Ah, okay. That's interesting. I reran the failed CI, which seems to have pulled the "Revert previous" commit from libressl/openbsd, and it has passed.
It's not ready yet, the asn1time test now again has timegm()
apparently none of our CI systems are needing the compat implementation though.

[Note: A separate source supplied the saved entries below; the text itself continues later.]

lemma bij_betw_add_digit: "bij_betw (add_digit N) (trunc_set N \<times> UNIV) (trunc_set (Suc N))"
proof (rule bij_betw_imageI)
  show "inj_on (add_digit N) (trunc_set N \<times> UNIV)"
  proof (rule inj_onI, clarify)
    fix u c u' c'
    assume h: "u \<in> trunc_set N" "u' \<in> trunc_set N" "add_digit N (u, c) = add_digit N (u', c')"
    have "fls_nth u (Suc N) = 0" "fls_nth u' (Suc N) = 0"
      using h(1,2) by (force simp: trunc_set_def)+
    moreover have "fls_nth (add_digit N (u, c)) (Suc N) = fls_nth (add_digit N (u', c')) (Suc N)"
      using h(3) by simp
    ultimately have "c = c'" by (simp add: add_digit_def del: power_Suc)
    thus "u = u' \<and> c = c'" using h(3) by (simp add: add_digit_def)
  qed
  show "add_digit N ` (trunc_set N \<times> UNIV) = trunc_set (Suc N)"
  proof
    show "add_digit N ` (trunc_set N \<times> UNIV) \<subseteq> trunc_set (Suc N)"
      by (auto simp: add_digit_def trunc_set_def split: if_splits simp del: power_Suc)
  next
    show "trunc_set (Suc N) \<subseteq> add_digit N ` (trunc_set N \<times> UNIV)"
    proof
      fix v assume v: "v \<in> trunc_set (Suc N)"
      define c where "c = fls_nth v (Suc N)"
      define u where "u = v - fls_const c * fls_X ^ Suc N"
      have "u \<in> trunc_set N"
        using v by (auto simp: trunc_set_def u_def c_def split: if_splits simp del: power_Suc)
      moreover have "v = add_digit N (u, c)" by (simp add: add_digit_def u_def)
      ultimately show "v \<in> add_digit N ` (trunc_set N \<times> UNIV)" by blast
    qed
  qed
qed

lemma finite_trunc_set: "finite (trunc_set N :: 'k::{finite,field} fls set)"
  by (induction N) (simp_all add: trunc_set_0 bij_betw_finite[OF bij_betw_add_digit, symmetric])

lemma sum_trunc_set_Suc:
  "(\<Sum>v\<in>trunc_set (Suc N). h v) = (\<Sum>u\<in>trunc_set N. \<Sum>c\<in>UNIV. h (u + fls_const c * fls_X ^ Suc N))"
proof -
  have "(\<Sum>v\<in>trunc_set (Suc N). h v) = (\<Sum>x\<in>trunc_set N \<times> UNIV. h (add_digit N x))"
    by (rule sum.reindex_bij_betw[OF bij_betw_add_digit, symmetric])
  also have "\<dots> = (\<Sum>u\<in>trunc_set N. \<Sum>c\<in>UNIV. h (add_digit N (u, c)))"
    by (simp add: sum.cartesian_product case_prod_unfold)
  finally show ?thesis by (simp add: add_digit_def)
qed
text \<open>Points of \<open>\<Gamma>\<close> accumulate on \<open>x0\<close> and every orbit accumulates on \<open>\<Gamma>\<close>; by continuity these
  accumulations are carried into gaps, which a single orbit meets at most once.\<close>

lemma delta_map_collapses:
  assumes h: "h \<in> delta_maps" and x0: "x0 \<in> \<Gamma>" "h x0 \<notin> \<Gamma>"
  shows "h ` S1 \<subseteq> orbit f (h x0)"
proof
  fix y assume "y \<in> h ` S1"
  then obtain s where s: "s \<in> S1" "y = h s"
    by blast
  obtain w where w: "w \<in> \<Gamma>" "w \<in> closure (orbit f s)"
    using closure_orbit_meets_\<Gamma>[OF s(1)] .
  have S1: "w \<in> S1" "x0 \<in> S1" "h w \<in> S1" "h x0 \<in> S1" "h s \<in> S1"
    using w x0 s \<Gamma>_subset delta_map_in_S1[OF h] by blast+
  have "h x0 \<in> orbit f (h w)"
    using delta_map_at_closure_of_orbit[OF h S1(1,2)] \<Gamma>_minimal w x0 by blast
  then have hw: "orbit f (h w) = orbit f (h x0)"
    using orbit_eq_iff S1 by blast
  then have "h w \<notin> \<Gamma>"
    using orbit_of_gap_point[of "h x0"] orbit_refl x0(2) S1 by blast
  then have "h w \<in> orbit f (h s)"
    using delta_map_at_closure_of_orbit[OF h s(1) S1(1) w(2)] by blast
  then have "orbit f (h s) = orbit f (h x0)"
    using hw orbit_eq S1 by metis
  then show "y \<in> orbit f (h x0)"
    using s orbit_refl by metis
qed

lemma lift_through_J0:
  assumes "L \<subseteq> orbit f ` S1" and avoid: "\<And>x. x \<in> \<Gamma> \<Longrightarrow> orbit f x \<notin> L"
  shows "L \<subseteq> orbit f ` {u \<in> J0. orbit f u \<in> L}"
proof
  fix l assume "l \<in> L"
  then obtain t where t: "t \<in> S1" "l = orbit f t"
    using assms(1) by blast
  then have "t \<in> S1 - \<Gamma>"
    using avoid \<open>l \<in> L\<close> by blast
  then obtain u where "u \<in> J0" "u \<in> orbit f t"
    by (rule orbit_meets_J0)
  then have "orbit f u = l"
    using orbit_eq t by blast
  then show "l \<in> orbit f ` {u \<in> J0. orbit f u \<in> L}"
    using \<open>u \<in> J0\<close> \<open>l \<in> L\<close> by blast
qed
text \<open>The differences \<open>\<plusminus>a k, \<plusminus>b k, \<plusminus>(a k + b k)\<close> are \<open>\<plusminus>{1..3n}\<close>, i.e. every nonzero residue
  modulo \<open>6n + 1\<close> exactly once.\<close>
lemma sum_diff_hits_triples:
  assumes "0 < t" "t < v"
  shows "(\<Sum>k<n. diff_hits v t (a k) + diff_hits v t (b k) + diff_hits v t (a k + b k)) = 1"
proof -
  have "(\<Sum>k<n. diff_hits v t (a k) + diff_hits v t (b k) + diff_hits v t (a k + b k))
      = sum_list (map (diff_hits v t) (concat (map (\<lambda>k. [a k, b k, a k + b k]) [0..<n])))"
    by (simp add: sum_list_map_concat_upt add.assoc)
  also have "\<dots> = (\<Sum>d\<in>{1..3 * n}. diff_hits v t d)"
    using sum_list_distinct_conv_sum_set[OF distinct_triples] set_triples by simp
  also have "\<dots> = (\<Sum>d\<in>{1..3 * n}. if d = t then 1 else 0) + (\<Sum>d\<in>{1..3 * n}. if d = v - t then 1 else 0)"
    unfolding diff_hits_def sum.distrib[symmetric] by (rule sum.cong) (use assms in auto)
  also have "\<dots> = 1" using assms v_def by auto
  finally show ?thesis .
qed

definition multiplicity :: "nat \<Rightarrow> nat \<Rightarrow> nat \<times> bool \<Rightarrow> nat" where
  "multiplicity i j = (\<lambda>(k, first).
     let m = (if k < j then 4 else if k < i then 3 else 2) in if first then m else 4 - m)"

lemma is_CTS_system_multiplicity: "is_CTS v 4 (system (multiplicity i j))"
proof (rule is_CTS_system)
  fix p assume "p \<in> indices"
  then show "card (base_block p) = 3"
    using triple_bounds[of "fst p"] by (cases p) (auto simp: base_block_def)
next
  fix t assume t: "0 < t" "t < v"
  let ?H = "\<lambda>k. diff_hits v t (a k) + diff_hits v t (b k) + diff_hits v t (a k + b k)"
  have "(\<Sum>p\<in>indices. multiplicity i j p *
      card {(s,u)\<in>base_block p \<times> base_block p. t + s = u \<or> t + s = u + v})
    = (\<Sum>(k, first)\<in>indices. multiplicity i j (k, first) * ?H k)"
    using card_diff_pairs_base_block[OF _ t] by (intro sum.cong) auto
  also have "\<dots> = (\<Sum>k<n. \<Sum>first\<in>UNIV. multiplicity i j (k, first) * ?H k)"
    by (simp add: sum.cartesian_product lessThan_atLeast0)
  also have "\<dots> = (\<Sum>k<n. 4 * ?H k)"
    by (rule sum.cong) (auto simp: UNIV_bool multiplicity_def Let_def algebra_simps)
  also have "\<dots> = 4 * (\<Sum>k<n. ?H k)" by (rule sum_distrib_left[symmetric])
  also have "\<dots> = 4" using sum_diff_hits_triples[OF t] by simp
  finally show "(\<Sum>p\<in>indices. multiplicity i j p *
      card {(s,u)\<in>base_block p \<times> base_block p. t + s = u \<or> t + s = u + v}) = 4" .
qed

lemma fine_c_system_multiplicity:
  assumes "j \<le> i" "i \<le> n"
  shows "fine_c v (system (multiplicity i j)) 2 = 2 * n - 2 * i"
    and "fine_c v (system (multiplicity i j)) 3 = i - j"
    and "fine_c v (system (multiplicity i j)) 4 = j"
proof -
  have "{p\<in>indices. multiplicity i j p = 2} = {i..<n} \<times> UNIV"
    and "{p\<in>indices. multiplicity i j p = 3} = {j..<i} \<times> {True}"
    and "{p\<in>indices. multiplicity i j p = 4} = {0..<j} \<times> {True}"
    using assms by (auto simp: multiplicity_def Let_def split: if_splits)
  then show "fine_c v (system (multiplicity i j)) 2 = 2 * n - 2 * i"
    and "fine_c v (system (multiplicity i j)) 3 = i - j"
    and "fine_c v (system (multiplicity i j)) 4 = j"
    by (simp_all add: fine_c_system card_cartesian_product)
qed

end

section \<open>Skolem sequences\<close>

definition skolem_positions :: "(nat \<times> nat) list \<Rightarrow> nat list" where
  "skolem_positions L = concat (map (\<lambda>(d, p). [p, p + d]) L)"

text \<open>An entry \<open>(d, p)\<close> places the symbol \<open>d\<close> at the positions \<open>p\<close> and \<open>p + d\<close>.\<close>
definition skolem_sequence :: "nat \<Rightarrow> (nat \<times> nat) list \<Rightarrow> bool" where
  "skolem_sequence n L \<longleftrightarrow> distinct (map fst L) \<and> set (map fst L) = {1..n} \<and>
     distinct (skolem_positions L) \<and> set (skolem_positions L) = {1..2 * n}"

lemma skolem_positions_simps [simp]:
  "skolem_positions [] = []"
  "skolem_positions ((d, p) # L) = p # (p + d) # skolem_positions L"
  by (simp_all add: skolem_positions_def)

lemma length_skolem_positions: "length (skolem_positions L) = 2 * length L"
  by (induction L) auto

lemma skolem_sequenceI:
  assumes "length L = n" "fst ` set L = {1..n}" "set (skolem_positions L) = {1..2 * n}"
  shows "skolem_sequence n L"
  unfolding skolem_sequence_def
  using assms length_skolem_positions[of L] by (simp add: card_distinct)

lemma length_skolem_sequence: "skolem_sequence n L \<Longrightarrow> length L = n"
  unfolding skolem_sequence_def by (metis card_atLeastAtMost diff_Suc_1 distinct_card length_map)

lemma skolem_difference_triples:
  assumes "skolem_sequence n L"
  shows "distinct (concat (map (\<lambda>(d, p). [d, p + n, d + (p + n)]) L))"
    and "set (concat (map (\<lambda>(d, p). [d, p + n, d + (p + n)]) L)) = {1..3 * n}"
proof -
  let ?W = "concat (map (\<lambda>(d, p). [d, p + n, d + (p + n)]) L)"
  have "set ?W = set (map fst L) \<union> (\<lambda>x. x + n) ` set (skolem_positions L)"
    by (induction L) (auto simp: ac_simps)
  also have "\<dots> = {1..3 * n}"
    using assms unfolding skolem_sequence_def by (auto simp: image_add_atLeastAtMost)
  finally show "set ?W = {1..3 * n}" .
  moreover have "length ?W = 3 * length L" by (induction L) auto
  ultimately show "distinct ?W" using length_skolem_sequence[OF assms] by (simp add: card_distinct)
qed

lemma skolem_positions_append: "skolem_positions (L @ L') = skolem_positions L @ skolem_positions L'"
  by (simp add: skolem_positions_def)

lemma mem_fst_set_map_upt: "x \<in> fst ` set (map f [a..<b]) \<longleftrightarrow> (\<exists>r. a \<le> r \<and> r < b \<and> x = fst (f r))"
  by force

lemma mem_skolem_positions_map_upt: "x \<in> set (skolem_positions (map f [a..<b])) \<longleftrightarrow>
    (\<exists>r. a \<le> r \<and> r < b \<and> (x = snd (f r) \<or> x = snd (f r) + fst (f r)))"
  by (force simp: skolem_positions_def case_prod_beta)

definition skolem_mod4_0 :: "nat \<Rightarrow> (nat \<times> nat) list" where
  "skolem_mod4_0 s =
     map (\<lambda>r. (4 * s + 2 - 2 * r, 4 * s + r - 1)) [1..<2 * s + 1] @
     map (\<lambda>r. (4 * s - 2 * r - 1, r)) [1..<s] @
     map (\<lambda>r. (2 * s - 2 * r - 1, s + r + 1)) [1..<s - 1] @
     [(1, s), (2 * s - 1, 2 * s), (4 * s - 1, 2 * s + 1)]"

definition skolem_mod4_1 :: "nat \<Rightarrow> (nat \<times> nat) list" where
  "skolem_mod4_1 s =
     map (\<lambda>r. (4 * s + 2 - 2 * r, 4 * s + r + 1)) [1..<2 * s + 1] @
     map (\<lambda>r. (4 * s + 1 - 2 * r, r)) [1..<s + 1] @
     map (\<lambda>r. (2 * s - 2 * r - 1, s + r + 2)) [1..<s - 1] @
     [(1, s + 1), (4 * s + 1, 2 * s + 1), (2 * s - 1, 2 * s + 2)]"

text \<open>Subtraction-free descriptions of the symbols and positions, so that \<open>presburger\<close> can
  check that the arithmetic progressions tile the required intervals.\<close>
lemma symbols_skolem_mod4_0:
  assumes "2 \<le> s"
  shows "x \<in> fst ` set (skolem_mod4_0 s) \<longleftrightarrow>
    (\<exists>r. 1 \<le> r \<and> r \<le> 2 * s \<and> x + 2 * r = 4 * s + 2) \<or>
    (\<exists>r. 1 \<le> r \<and> r < s \<and> x + 2 * r + 1 = 4 * s) \<or>
    (\<exists>r. 1 \<le> r \<and> r + 1 < s \<and> x + 2 * r + 1 = 2 * s) \<or>
    x = 1 \<or> x + 1 = 2 * s \<or> x + 1 = 4 * s"
  unfolding skolem_mod4_0_def set_append image_Un Un_iff mem_fst_set_map_upt
  using assms by (intro arg_cong2[where f = "(\<or>)"] ex_cong1) auto

lemma positions_skolem_mod4_0:
  assumes "2 \<le> s"
  shows "x \<in> set (skolem_positions (skolem_mod4_0 s)) \<longleftrightarrow>
    (\<exists>r. 1 \<le> r \<and> r \<le> 2 * s \<and> (x + 1 = 4 * s + r \<or> x + r = 8 * s + 1)) \<or>
    (\<exists>r. 1 \<le> r \<and> r < s \<and> (x = r \<or> x + r + 1 = 4 * s)) \<or>
    (\<exists>r. 1 \<le> r \<and> r + 1 < s \<and> (x = s + r + 1 \<or> x + r = 3 * s)) \<or>
    x = s \<or> x = s + 1 \<or> x = 2 * s \<or> x + 1 = 4 * s \<or> x = 2 * s + 1 \<or> x = 6 * s"
  unfolding skolem_mod4_0_def skolem_positions_append set_append Un_iff mem_skolem_positions_map_upt
  using assms by (intro arg_cong2[where f = "(\<or>)"] ex_cong1) auto

lemma symbols_skolem_mod4_1:
  assumes "2 \<le> s"
  shows "x \<in> fst ` set (skolem_mod4_1 s) \<longleftrightarrow>
    (\<exists>r. 1 \<le> r \<and> r \<le> 2 * s \<and> x + 2 * r = 4 * s + 2) \<or>
    (\<exists>r. 1 \<le> r \<and> r \<le> s \<and> x + 2 * r = 4 * s + 1) \<or>
    (\<exists>r. 1 \<le> r \<and> r + 1 < s \<and> x + 2 * r + 1 = 2 * s) \<or>
    x = 1 \<or> x = 4 * s + 1 \<or> x + 1 = 2 * s"
  unfolding skolem_mod4_1_def set_append image_Un Un_iff mem_fst_set_map_upt
  using assms by (intro arg_cong2[where f = "(\<or>)"] ex_cong1) auto

lemma positions_skolem_mod4_1:
  assumes "2 \<le> s"
  shows "x \<in> set (skolem_positions (skolem_mod4_1 s)) \<longleftrightarrow>
    (\<exists>r. 1 \<le> r \<and> r \<le> 2 * s \<and> (x = 4 * s + r + 1 \<or> x + r = 8 * s + 3)) \<or>
    (\<exists>r. 1 \<le> r \<and> r \<le> s \<and> (x = r \<or> x + r = 4 * s + 1)) \<or>
    (\<exists>r. 1 \<le> r \<and> r + 1 < s \<and> (x = s + r + 2 \<or> x + r = 3 * s + 1)) \<or>
    x = s + 1 \<or> x = s + 2 \<or> x = 2 * s + 1 \<or> x = 6 * s + 2 \<or> x = 2 * s + 2 \<or> x = 4 * s + 1"
  unfolding skolem_mod4_1_def skolem_positions_append set_append Un_iff mem_skolem_positions_map_upt
  using assms by (intro arg_cong2[where f = "(\<or>)"] ex_cong1) auto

@joshuasing As you can see, arm32 is completely busted once you add a test case that tickles it.
FAIL: test 3 - times don't match, expected -2147483648 got -1
UTCTIME tests...
TIME tests...
ASN1_TIME_compare tests...
20161208193400Z vs. 20380119031408Z: want 1, got -1
20161208193400Z vs. -2147483648: want -1, got 1
20161208193400Z vs. -2147483648: want -1, got 1
19700101000000Z vs. 20380119031408Z: want 1, got -1
19700101000000Z vs. -2147483648: want -1, got 1
19700101000000Z vs. -2147483648: want -1, got 1
20150923032700Z vs. 20380119031408Z: want 1, got -1
20150923032700Z vs. -2147483648: want -1, got 1
20150923032700Z vs. -2147483648: want -1, got 1
20380119031408Z vs. 20161208193400Z: want -1, got 1
...
Now that all uses of gmtime_r() and timegm() have been converted to OPENSSL_gmtime() and OPENSSL_timegm(), this is no longer needed.